If It Doesn’t Help You Sell, Get It Off Of Your Site
When we’ve built websites, we look for the function to follow the form. You want to make things so easy to use, that aliens could use it, seriously. Simply put, if you had a chair or a fork and an alien came down from space and looked at one of those two objects, they would have a pretty good idea what you’re supposed to do with it, right? A chair, you sit down. A fork, you know, you probably stab something with it and maybe put it in your mouth.
The best example I can give you in a more complicated world is Apple’s iPad. The intuitiveness is baked into the device. The fact that there’s one single button that works everything means anyone can pick it up and with no instruction manual, just start using it, and that’s the beauty of it.
That’s how your website has to be, your website has to have a natural flow to it that moves people around on the page and through the site to get them from point A, wherever that happens to be, to point B, which is your “contact us” page.
Anything that takes away from that experience needs to be removed. Things like links to reports and links to your article in some home and garden magazine, that doesn’t help. Do you think that helps you sell them? No.

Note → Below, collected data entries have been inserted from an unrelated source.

lemma det_horadam_circulant:
  fixes p q a b :: real and n :: nat
  defines "H \<equiv> horadam p q a b"
  defines "M \<equiv> q * (H n - H 0)"
  defines "N \<equiv> H 1 - H (n + 1)"
  assumes "n \<ge> 2"
  shows "det (gcirc n 1 (\<lambda>l. H (l + 1))) = H 1 * N ^ (n - 1) +
    (\<Sum>i = 1..n - 1. (H 1 * H (i + 2) - H 2 * H (i + 1)) * M ^ (n - 1 - i) * N ^ (i - 1))"
proof -
  obtain m where n: "n = Suc (Suc m)"
    using assms by (metis add_2_eq_Suc le_Suc_ex)
  define C where "C = gcirc n 1 (\<lambda>l. H (l + 1))"
  have C: "C \<in> carrier_mat n n"
    by (simp add: C_def gcirc_def)
  have C_index: "C $$ (i, j) = H ((j + n - i) mod n + 1)" if "i < n" "j < n" for i j
    using gcirc_one_index[OF that, of "\<lambda>l. H (l + 1)"] by (simp add: C_def)
  have minor_entries: "C $$ (0, 0) * C $$ (Suc s, 1) - C $$ (0, 1) * C $$ (Suc s, 0) =
      H 1 * H (n - s + 1) - H 2 * H (n - s) + (if s = 0 then H 1 * N else 0)" if "s \<le> m" for s
    using that by (cases s) (auto simp: C_index n N_def mod_Suc numeral_2_eq_2 Suc_diff_le algebra_simps)
  have "det C = det (C * recurrence_elim_mat n p q)"
    by (simp add: det_mult[OF C recurrence_elim_mat_carrier] det_recurrence_elim_mat)
  also have "C * recurrence_elim_mat n p q =
      bidiag_two_col_mat n (\<lambda>i. C $$ (i, 0)) (\<lambda>i. C $$ (i, 1)) N (- M)"
    using horadam_circulant_elim[OF assms(4), of p q a b] by (simp add: C_def H_def M_def N_def)
  also have "det \<dots> = (\<Sum>s\<le>m. (C $$ (0, 0) * C $$ (Suc s, 1) - C $$ (0, 1) * C $$ (Suc s, 0))
      * M ^ s * N ^ (m - s))"
    by (simp add: n det_bidiag_two_col_mat)
  also have "\<dots> = (\<Sum>s\<le>m. (H 1 * H (n - s + 1) - H 2 * H (n - s)) * M ^ s * N ^ (m - s)
      + (if s = 0 then H 1 * N ^ (n - 1) else 0))"
  proof (rule sum.cong)
    fix s
    assume "s \<in> {..m}"
    then have "s \<le> m"
      by simp
    then show "(C $$ (0, 0) * C $$ (Suc s, 1) - C $$ (0, 1) * C $$ (Suc s, 0)) * M ^ s * N ^ (m - s) =
        (H 1 * H (n - s + 1) - H 2 * H (n - s)) * M ^ s * N ^ (m - s)
        + (if s = 0 then H 1 * N ^ (n - 1) else 0)"
      unfolding minor_entries[OF \<open>s \<le> m\<close>] by (simp add: n algebra_simps)
  qed simp
  also have "\<dots> = (\<Sum>s\<le>m. (H 1 * H (n - s + 1) - H 2 * H (n - s)) * M ^ s * N ^ (m - s))
      + H 1 * N ^ (n - 1)"
    by (simp add: sum.distrib)
  also have "(\<Sum>s\<le>m. (H 1 * H (n - s + 1) - H 2 * H (n - s)) * M ^ s * N ^ (m - s)) =
      (\<Sum>i = 1..n - 1. (H 1 * H (i + 2) - H 2 * H (i + 1)) * M ^ (n - 1 - i) * N ^ (i - 1))"
    by (rule sum.reindex_bij_witness[of _ "\<lambda>i. n - 1 - i" "\<lambda>s. n - 1 - s"])
      (auto simp: n Suc_diff_le)
  finally show ?thesis
    by (simp add: C_def)
qed
(* Let $r\ge1$ and let $\lambda,\mu$ be pre-partitions of length at most $r$ with $\lambda\lhd\mu$. Then there exists a finite sequence of pre-partitions of length at most $r$, \[ \lambda=\nu^m\lhd\nu^{m-1}\lhd\cdots\lhd\nu^1\lhd\nu^0=\mu, \] such that for each $i$, $\nu^i$ is obtained from $\nu^{i-1}$ via a simple removal, an infinite removal, a slip, or a fall.
   Context: Let $\overline{\mathbb N}=\mathbb N\cup\{\infty\}$ with $\infty>n$ and $\infty+n=\infty$ for all $n$. A pre-partition of length at most $r$ is a non-increasing sequence $\lambda=(\lambda_1\ge\lambda_2\ge\dots\ge\lambda_r\ge0)$ in $\overline{\mathbb N}$ (all later terms being $0$). Co-domination: $\lambda\lhd\mu$ iff $\lambda_i+\lambda_{i+1}+\dots+\lambda_r\le\mu_i+\mu_{i+1}+\dots+\mu_r$ for all $i$. For pre-partitions $\lambda,\mu$: $\lambda$ is obtained from $\mu$ by a simple removal if, with $j$ the smallest index such that $\mu_j$ is finite, $\lambda_j=\mu_j-1$ and $\lambda_i=\mu_i$ for $i\ne j$; by an infinite removal if, with $j$ the largest index such that $\mu_j=\infty$, $\lambda_j<\mu_j=\infty$ and $\lambda_i=\mu_i$ for $i\ne j$; by a slip if for some $j\ge1$, $\lambda_{j+1}=\mu_{j+1}-1$, $\lambda_j=\mu_j+1$ and $\lambda_i=\mu_i$ for $i\notin\{j,j+1\}$; by a fall if for some $j<k$, $\lambda_k=\mu_k-1$, $\lambda_j=\mu_j+1$, $\lambda_i=\mu_i$ for $i\notin\{j,k\}$, and $\mu_i=\mu_{i'}$ for all $i,i'\in\{j,\dots,k\}$. *)

theory Defs
  imports "HOL-Library.Extended_Nat"
begin

text \<open>A pre-partition of length at most r is represented by the list of its first r
  entries (indices are 0-based: list position i corresponds to the paper's index i+1;
  all later entries are implicitly 0).\<close>

definition prepartition :: "nat \<Rightarrow> enat list \<Rightarrow> bool" where
  "prepartition r xs \<longleftrightarrow> length xs = r \<and> sorted_wrt (\<lambda>a b. b \<le> a) xs"

definition codom :: "enat list \<Rightarrow> enat list \<Rightarrow> bool" where
  "codom l m \<longleftrightarrow> length l = length m \<and>
     (\<forall>i < length l. sum_list (drop i l) \<le> sum_list (drop i m))"

definition simple_removal :: "enat list \<Rightarrow> enat list \<Rightarrow> bool" where
  "simple_removal l m \<longleftrightarrow> length l = length m \<and>
     (\<exists>j < length m. m ! j \<noteq> \<infinity> \<and> (\<forall>i < j. m ! i = \<infinity>) \<and>
        l ! j + 1 = m ! j \<and> (\<forall>i < length m. i \<noteq> j \<longrightarrow> l ! i = m ! i))"

definition infinite_removal :: "enat list \<Rightarrow> enat list \<Rightarrow> bool" where
  "infinite_removal l m \<longleftrightarrow> length l = length m \<and>
     (\<exists>j < length m. m ! j = \<infinity> \<and> (\<forall>i. j < i \<and> i < length m \<longrightarrow> m ! i \<noteq> \<infinity>) \<and>
        l ! j < m ! j \<and> (\<forall>i < length m. i \<noteq> j \<longrightarrow> l ! i = m ! i))"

You hand that to them when you’re sitting across the table.
Having a framework that answers obvious questions or questions they don’t even think to ask is what gets them to pick up the phone.
When you create resistance, when you create friction by adding too much stuff to your site, people get confused and they click away or they get distracted and they wind up on Facebook, never to see your site again.
So always remember, if it doesn’t help in the sales process, remove it from the page. The object of your website isn’t to sell them on a new kitchen, it’s to sell them on picking up the phone and calling you or selling them on the idea of sending you an email. That’s it.
So let your website do its job, let your social media do its job, let your blog posts do their job, and help convince people that you’re the right company to call. Get everything else out of the way and don’t interfere with the natural process your site should be delivered on; the phone call.